- Choreographer: Hans van Manen
- Music: Ludwig van Beethoven
- Premiere: 4 October 1973 Stadsschouwburg
- Original ballet company: Dutch National Ballet
- Design: Jean-Paul Vroom

= Adagio Hammerklavier =

Ballet choreographed by Hans van Manen

Adagio Hammerklavier is a ballet choreographed by Hans van Manen to the Adagio from Beethoven's Piano Sonata No. 29, Hammerklavier. The ballet is plotless and danced by three couples. Van Manen made Adagio Hammerklavier for the Dutch National Ballet, and it premiered on 4 October 1973, at the Stadsschouwburg, Amsterdam.

==Production==
Van Manen decided to choreograph a new ballet on six Dutch National Ballet dancers, Monique Sand, Sonja Marchiolli, Alexandra Radius, Henry Jurriëns, Francis Sinceretti, Han Ebbelaar, when the company was rehearsing Swan Lake. Though the six were also set to dance in Swan Lake, the rehearsal schedule made them available at the same time while the rest of the company were working on the production.

Van Manen set the ballet to the Adagio, the third movement from Beethoven's Piano Sonata No. 29, Hammerklavier. He was inspired by Christoph Eschenbach's recording of the music, which was played at an exceptionally slow tempo. Van Manen explained, "I thought adagio. You hardly ever see adagio; you see slow motion, but that's different. That's based on total balance. I always think of adagio as a wheel that you push – and that moment where the wheel is still moving, just before it falls."

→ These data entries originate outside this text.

lemma mes_step_imp_phr_step:
  assumes state: "phase1_state W x" and step: "mes_step N A C W x c x'"
  shows "phr_step N A C W x c x'"
  unfolding phr_step_def mes_step_resets_supporters[OF state step]
  using step by (intro conjI exI[of _ 0]) (auto simp: mes_step_def mes_affordable_def)

text \<open>While some candidate is affordable, Phragmen cannot wait, so it buys an affordable
  candidate, and all affordable candidates have the same price 1/s.\<close>
lemma phr_step_imp_mes_step:
  assumes state: "phase1_state W x" and d: "d \<in> mes_affordable N A C W x"
    and step: "phr_step N A C W x c x'"
  shows "mes_step N A C W x c x'"
proof -
  from step obtain t where c: "c \<in> C - set W" and "t \<ge> 0"
    and reached: "(\<Sum>i\<in>supporters N A c. x i + t) \<ge> 1"
    and before: "\<forall>d\<in>C - set W. \<forall>t'. 0 \<le> t' \<and> t' < t \<longrightarrow> (\<Sum>i\<in>supporters N A d. x i + t') < 1"
    and x': "x' = (\<lambda>i. if i \<in> supporters N A c then 0 else x i + t)"
    by (auto simp: phr_step_def)
  have "t = 0"
    using before d \<open>t \<ge> 0\<close> by (force simp: mes_affordable_def)
  then have c_affordable: "c \<in> mes_affordable N A C W x"
    using c reached by (simp add: mes_affordable_def)
  have price: "mes_rho x (supporters N A e) = share" if "e \<in> mes_affordable N A C W x" for e
    using that affordable_full_budgets[OF state] mes_rho_full_budgets
    by (auto simp: mes_affordable_def)
  show ?thesis
    unfolding mes_step_def
    using c_affordable price[OF c_affordable] price x' \<open>t = 0\<close>
      affordable_full_budgets[OF state] by (auto simp: mes_affordable_def)
qed

lemma phase1_state_exhausted:
  assumes state: "phase1_state W x" and all_spent: "length W * s = card N"
  shows "mes_affordable N A C W x = {}"
proof (rule ccontr)
  assume "mes_affordable N A C W x \<noteq> {}"
  then obtain d where d: "d \<in> C" and "(\<Sum>i\<in>supporters N A d. x i) \<ge> 1"
    by (auto simp: mes_affordable_def)
  then have disjoint: "supporters N A d \<inter> covered W = {}"
    by (rule affordable_disjoint_covered[OF state])
  have "card (covered W) = (\<Sum>c\<in>set W. card (supporters N A c))"
    unfolding covered_def using state finite_supporters
    by (intro card_UN_disjoint) (auto simp: phase1_state_def)
  also have "\<dots> = card N"
    using state all_spent card_supporters by (simp add: phase1_state_def distinct_card subset_eq)
  finally have "covered W = N"
    using finite_voters by (intro card_subset_eq) (auto simp: covered_def supporters_def)
  moreover have "supporters N A d \<noteq> {}"
    using card_supporters[OF d] support_pos by auto
  ultimately show False
    using disjoint by (auto simp: supporters_def)
qed

lemma mes1_run_phase1_state:
  assumes "real k / real (card N) = share"
  shows "mes1_run N A C k W x \<Longrightarrow> phase1_state W x \<and> phr_run N A C (\<lambda>_. share) [] W x"
proof (induction rule: mes1_run.induct)
  case mes1_start
  then show ?case
    using assms by (auto simp: phase1_state_def covered_def intro: phr_run.intros)
next
  case (mes1_next W x c x')
  then show ?case
    using mes_step_phase1_state mes_step_imp_phr_step by (blast intro: phr_run.intros)
qed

The costumes and set were designed by Jean-Paul Vroom, with the women in pale blue chiffon dresses, and the men in white tights, bare-chested and wearing necklaces. The decor features a white curtain at the back of the stage.

==Choreography==
Dance critic Zoë Anderson wrote, "Like many of van Manen's works, Adagio Hammerklavier is a plotless work with a strong edge of sexual drama." She noted although the ballet was created in a time when choreographers were experimenting with complex lifts, in Adagio Hammerklavier, women are "curling and drooping to the floor." She added that in other parts of the ballet, "couples move in unison... With unexpected assertiveness walks will turn unto stamps. The dancing is understated, gaining drama from small turns of the head or changes of pose, small details that break the line of the choreography."

==Performances==
Adagio Hammerklavier premiered on 4 October 1973, at the Stadsschouwburg, Amsterdam.

Other ballet companies performing Adagio Hammerklavier include the Royal Ballet in London, Houston Ballet, Berlin Opera Ballet, Mariinsky Ballet, English National Ballet, Stuttgart Ballet, La Scala Theatre Ballet, Pennsylvania Ballet and Northern Ballet.